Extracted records
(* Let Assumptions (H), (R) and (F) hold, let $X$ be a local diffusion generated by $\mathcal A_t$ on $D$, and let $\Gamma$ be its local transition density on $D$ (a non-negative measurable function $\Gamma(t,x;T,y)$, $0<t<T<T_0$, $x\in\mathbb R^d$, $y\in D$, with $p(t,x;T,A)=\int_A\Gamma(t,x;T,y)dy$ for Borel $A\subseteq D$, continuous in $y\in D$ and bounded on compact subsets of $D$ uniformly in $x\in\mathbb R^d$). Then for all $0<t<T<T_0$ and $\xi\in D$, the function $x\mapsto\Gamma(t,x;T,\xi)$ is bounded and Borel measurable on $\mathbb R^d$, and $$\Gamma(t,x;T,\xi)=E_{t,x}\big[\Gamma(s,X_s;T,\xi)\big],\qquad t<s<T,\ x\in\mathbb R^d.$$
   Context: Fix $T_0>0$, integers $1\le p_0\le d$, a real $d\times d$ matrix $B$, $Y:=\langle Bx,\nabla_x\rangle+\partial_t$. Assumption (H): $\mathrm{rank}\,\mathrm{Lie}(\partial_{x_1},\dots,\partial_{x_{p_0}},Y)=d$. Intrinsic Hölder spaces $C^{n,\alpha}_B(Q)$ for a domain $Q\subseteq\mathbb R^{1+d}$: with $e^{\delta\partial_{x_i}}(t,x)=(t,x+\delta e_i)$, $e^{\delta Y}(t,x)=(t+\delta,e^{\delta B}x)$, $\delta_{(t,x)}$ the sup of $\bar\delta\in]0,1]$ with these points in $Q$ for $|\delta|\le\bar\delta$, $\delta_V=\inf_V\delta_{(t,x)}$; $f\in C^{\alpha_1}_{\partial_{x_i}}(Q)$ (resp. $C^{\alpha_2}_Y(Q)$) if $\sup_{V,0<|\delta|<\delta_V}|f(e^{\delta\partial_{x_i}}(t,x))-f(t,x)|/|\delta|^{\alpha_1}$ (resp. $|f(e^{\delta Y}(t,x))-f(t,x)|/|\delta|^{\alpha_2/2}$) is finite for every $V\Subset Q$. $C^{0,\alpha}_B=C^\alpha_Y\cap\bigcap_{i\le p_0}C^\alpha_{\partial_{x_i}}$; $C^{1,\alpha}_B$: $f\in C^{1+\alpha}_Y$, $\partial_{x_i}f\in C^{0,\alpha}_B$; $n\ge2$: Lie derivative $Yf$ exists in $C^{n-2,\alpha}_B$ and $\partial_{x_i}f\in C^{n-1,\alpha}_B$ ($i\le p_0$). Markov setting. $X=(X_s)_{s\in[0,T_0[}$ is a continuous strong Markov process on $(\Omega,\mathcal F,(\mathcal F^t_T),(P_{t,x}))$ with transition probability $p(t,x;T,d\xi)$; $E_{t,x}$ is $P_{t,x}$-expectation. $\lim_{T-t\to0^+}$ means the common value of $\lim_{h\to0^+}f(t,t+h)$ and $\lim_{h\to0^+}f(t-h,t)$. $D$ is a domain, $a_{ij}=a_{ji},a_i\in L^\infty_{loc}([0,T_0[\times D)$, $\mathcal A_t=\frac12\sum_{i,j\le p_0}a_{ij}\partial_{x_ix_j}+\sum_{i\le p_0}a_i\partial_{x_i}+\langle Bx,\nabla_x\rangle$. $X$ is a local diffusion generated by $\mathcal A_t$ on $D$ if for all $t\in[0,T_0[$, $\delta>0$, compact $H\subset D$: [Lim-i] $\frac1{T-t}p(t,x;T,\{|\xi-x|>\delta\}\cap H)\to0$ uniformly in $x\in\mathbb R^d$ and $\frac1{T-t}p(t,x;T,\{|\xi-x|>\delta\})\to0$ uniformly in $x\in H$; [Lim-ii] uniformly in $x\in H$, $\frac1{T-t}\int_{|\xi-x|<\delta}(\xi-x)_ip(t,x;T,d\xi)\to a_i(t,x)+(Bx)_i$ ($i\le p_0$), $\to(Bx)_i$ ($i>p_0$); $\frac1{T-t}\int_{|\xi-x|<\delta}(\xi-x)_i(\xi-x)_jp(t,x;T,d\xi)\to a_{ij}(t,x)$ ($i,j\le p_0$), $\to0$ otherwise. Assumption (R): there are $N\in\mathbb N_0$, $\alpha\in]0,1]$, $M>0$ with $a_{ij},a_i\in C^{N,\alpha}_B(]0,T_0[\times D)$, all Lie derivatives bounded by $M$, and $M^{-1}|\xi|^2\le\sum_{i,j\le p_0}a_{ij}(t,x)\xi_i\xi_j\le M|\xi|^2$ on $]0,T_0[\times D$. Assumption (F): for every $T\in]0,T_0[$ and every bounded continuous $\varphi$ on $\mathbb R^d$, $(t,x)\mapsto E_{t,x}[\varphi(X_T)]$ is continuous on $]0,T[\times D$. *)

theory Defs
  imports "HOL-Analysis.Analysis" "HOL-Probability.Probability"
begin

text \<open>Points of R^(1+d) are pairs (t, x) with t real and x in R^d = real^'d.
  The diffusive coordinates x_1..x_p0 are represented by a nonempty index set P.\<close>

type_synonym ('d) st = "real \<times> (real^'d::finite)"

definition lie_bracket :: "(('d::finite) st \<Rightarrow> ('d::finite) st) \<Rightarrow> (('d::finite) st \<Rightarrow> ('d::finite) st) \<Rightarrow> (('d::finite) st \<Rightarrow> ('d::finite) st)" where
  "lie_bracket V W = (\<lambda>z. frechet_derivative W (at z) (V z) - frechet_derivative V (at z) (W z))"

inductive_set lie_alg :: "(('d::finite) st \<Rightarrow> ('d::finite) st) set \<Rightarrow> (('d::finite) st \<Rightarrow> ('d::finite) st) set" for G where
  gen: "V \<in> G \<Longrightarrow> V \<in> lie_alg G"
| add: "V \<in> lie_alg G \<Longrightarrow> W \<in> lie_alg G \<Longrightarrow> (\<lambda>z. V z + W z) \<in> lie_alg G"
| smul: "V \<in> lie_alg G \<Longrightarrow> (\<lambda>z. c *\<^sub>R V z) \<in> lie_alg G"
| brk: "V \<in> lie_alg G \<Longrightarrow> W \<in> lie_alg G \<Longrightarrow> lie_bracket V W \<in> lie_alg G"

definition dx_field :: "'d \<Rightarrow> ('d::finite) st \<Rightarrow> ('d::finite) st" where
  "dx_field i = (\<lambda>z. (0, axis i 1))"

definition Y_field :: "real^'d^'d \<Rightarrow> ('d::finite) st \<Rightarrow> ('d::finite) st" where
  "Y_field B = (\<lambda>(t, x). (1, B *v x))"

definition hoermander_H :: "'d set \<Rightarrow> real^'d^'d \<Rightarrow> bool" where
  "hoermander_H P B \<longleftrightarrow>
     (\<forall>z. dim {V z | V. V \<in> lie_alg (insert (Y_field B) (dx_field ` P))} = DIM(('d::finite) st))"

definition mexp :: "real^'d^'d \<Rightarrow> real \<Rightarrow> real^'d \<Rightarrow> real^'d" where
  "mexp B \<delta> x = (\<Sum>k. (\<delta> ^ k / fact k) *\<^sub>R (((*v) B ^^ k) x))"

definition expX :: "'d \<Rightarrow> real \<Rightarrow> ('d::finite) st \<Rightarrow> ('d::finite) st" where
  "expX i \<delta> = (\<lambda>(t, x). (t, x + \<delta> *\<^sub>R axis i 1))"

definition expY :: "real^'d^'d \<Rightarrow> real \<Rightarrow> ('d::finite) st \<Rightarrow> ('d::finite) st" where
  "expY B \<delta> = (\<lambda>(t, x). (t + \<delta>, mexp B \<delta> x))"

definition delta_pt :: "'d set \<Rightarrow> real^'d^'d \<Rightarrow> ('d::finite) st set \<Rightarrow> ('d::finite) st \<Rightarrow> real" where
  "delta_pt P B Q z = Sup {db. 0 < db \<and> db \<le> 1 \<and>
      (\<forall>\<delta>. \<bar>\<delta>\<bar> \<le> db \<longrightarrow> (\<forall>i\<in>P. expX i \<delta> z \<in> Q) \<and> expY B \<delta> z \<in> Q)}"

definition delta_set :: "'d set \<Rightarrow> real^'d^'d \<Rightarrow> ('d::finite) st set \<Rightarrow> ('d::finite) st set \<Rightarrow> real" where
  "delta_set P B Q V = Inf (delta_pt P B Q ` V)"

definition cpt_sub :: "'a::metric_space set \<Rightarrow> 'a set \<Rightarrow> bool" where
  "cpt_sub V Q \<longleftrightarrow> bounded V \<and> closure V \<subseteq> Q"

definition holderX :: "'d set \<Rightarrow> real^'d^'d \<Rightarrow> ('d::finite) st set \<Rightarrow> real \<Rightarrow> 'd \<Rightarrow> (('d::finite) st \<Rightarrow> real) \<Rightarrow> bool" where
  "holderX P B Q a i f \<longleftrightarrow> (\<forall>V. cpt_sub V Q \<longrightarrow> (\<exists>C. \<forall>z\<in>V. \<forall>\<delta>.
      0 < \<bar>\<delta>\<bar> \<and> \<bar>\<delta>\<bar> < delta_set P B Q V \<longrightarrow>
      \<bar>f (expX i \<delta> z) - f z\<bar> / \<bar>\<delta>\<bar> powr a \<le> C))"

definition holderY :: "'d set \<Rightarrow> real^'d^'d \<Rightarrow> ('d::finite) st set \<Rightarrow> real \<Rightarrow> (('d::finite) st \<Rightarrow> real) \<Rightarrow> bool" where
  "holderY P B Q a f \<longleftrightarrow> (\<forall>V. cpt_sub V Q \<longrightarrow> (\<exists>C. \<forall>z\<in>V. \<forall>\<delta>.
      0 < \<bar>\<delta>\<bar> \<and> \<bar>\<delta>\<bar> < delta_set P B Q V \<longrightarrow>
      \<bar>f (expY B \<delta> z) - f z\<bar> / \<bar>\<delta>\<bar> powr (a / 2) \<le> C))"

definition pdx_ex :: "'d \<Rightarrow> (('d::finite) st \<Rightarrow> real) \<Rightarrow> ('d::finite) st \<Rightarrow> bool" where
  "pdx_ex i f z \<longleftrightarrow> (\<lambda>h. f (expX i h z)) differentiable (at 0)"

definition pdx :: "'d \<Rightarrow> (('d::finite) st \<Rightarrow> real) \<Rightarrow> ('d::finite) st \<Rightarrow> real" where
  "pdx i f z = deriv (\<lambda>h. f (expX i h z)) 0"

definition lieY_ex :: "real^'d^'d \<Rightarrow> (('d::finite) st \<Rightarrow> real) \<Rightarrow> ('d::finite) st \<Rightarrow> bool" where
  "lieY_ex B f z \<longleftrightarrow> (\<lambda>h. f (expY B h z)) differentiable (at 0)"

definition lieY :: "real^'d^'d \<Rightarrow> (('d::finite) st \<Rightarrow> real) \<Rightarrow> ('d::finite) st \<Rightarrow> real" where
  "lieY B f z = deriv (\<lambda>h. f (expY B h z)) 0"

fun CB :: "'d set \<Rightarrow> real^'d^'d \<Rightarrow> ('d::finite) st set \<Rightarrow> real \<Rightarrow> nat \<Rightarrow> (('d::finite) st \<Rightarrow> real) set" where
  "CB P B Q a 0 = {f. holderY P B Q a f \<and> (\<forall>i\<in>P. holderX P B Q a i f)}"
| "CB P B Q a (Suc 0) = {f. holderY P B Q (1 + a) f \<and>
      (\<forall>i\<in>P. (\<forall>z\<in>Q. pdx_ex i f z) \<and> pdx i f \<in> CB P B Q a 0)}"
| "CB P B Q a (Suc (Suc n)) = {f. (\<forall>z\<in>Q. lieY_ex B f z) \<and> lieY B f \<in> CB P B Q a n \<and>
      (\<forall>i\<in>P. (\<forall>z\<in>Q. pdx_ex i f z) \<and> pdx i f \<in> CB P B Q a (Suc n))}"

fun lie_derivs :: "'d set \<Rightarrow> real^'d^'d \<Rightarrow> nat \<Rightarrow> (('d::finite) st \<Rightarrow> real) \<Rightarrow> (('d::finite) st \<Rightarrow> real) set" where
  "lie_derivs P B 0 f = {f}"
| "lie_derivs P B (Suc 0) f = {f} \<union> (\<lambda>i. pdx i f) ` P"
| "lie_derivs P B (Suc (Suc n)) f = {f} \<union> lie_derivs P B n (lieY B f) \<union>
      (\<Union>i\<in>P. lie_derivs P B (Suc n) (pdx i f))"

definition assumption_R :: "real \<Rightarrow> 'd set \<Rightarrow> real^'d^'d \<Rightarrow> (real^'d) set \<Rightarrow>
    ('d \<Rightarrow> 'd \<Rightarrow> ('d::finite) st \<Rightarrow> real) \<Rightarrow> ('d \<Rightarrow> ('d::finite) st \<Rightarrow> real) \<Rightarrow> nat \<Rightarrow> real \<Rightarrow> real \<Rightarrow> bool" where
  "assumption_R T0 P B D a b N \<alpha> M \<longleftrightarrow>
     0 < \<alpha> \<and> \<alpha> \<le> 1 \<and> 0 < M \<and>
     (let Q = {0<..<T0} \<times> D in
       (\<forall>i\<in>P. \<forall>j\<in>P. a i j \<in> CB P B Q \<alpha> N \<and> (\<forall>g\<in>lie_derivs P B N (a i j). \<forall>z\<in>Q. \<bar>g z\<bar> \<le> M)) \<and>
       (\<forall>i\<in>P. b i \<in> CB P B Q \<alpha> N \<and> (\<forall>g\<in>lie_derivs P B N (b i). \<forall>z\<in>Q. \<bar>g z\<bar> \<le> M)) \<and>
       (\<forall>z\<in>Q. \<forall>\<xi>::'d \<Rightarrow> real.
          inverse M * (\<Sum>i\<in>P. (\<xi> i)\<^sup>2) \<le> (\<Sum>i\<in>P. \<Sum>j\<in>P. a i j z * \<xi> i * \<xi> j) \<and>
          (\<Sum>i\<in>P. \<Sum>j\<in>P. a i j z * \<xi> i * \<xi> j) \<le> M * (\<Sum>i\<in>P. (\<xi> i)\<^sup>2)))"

_Try it_:
Which of the lines above hold the string "longleftrightarrow"? Copy each one.

_Answer box_:
  "hoermander_H P B \<longleftrightarrow>
  "cpt_sub V Q \<longleftrightarrow> bounded V \<and> closure V \<subseteq> Q"
  "holderX P B Q a i f \<longleftrightarrow> (\<forall>V. cpt_sub V Q \<longrightarrow> (\<exists>C. \<forall>z\<in>V. \<forall>\<delta>.
  "holderY P B Q a f \<longleftrightarrow> (\<forall>V. cpt_sub V Q \<longrightarrow> (\<exists>C. \<forall>z\<in>V. \<forall>\<delta>.
  "pdx_ex i f z \<longleftrightarrow> (\<lambda>h. f (expX i h z)) differentiable (at 0)"
  "lieY_ex B f z \<longleftrightarrow> (\<lambda>h. f (expY B h z)) differentiable (at 0)"
  "assumption_R T0 P B D a b N \<alpha> M \<longleftrightarrow>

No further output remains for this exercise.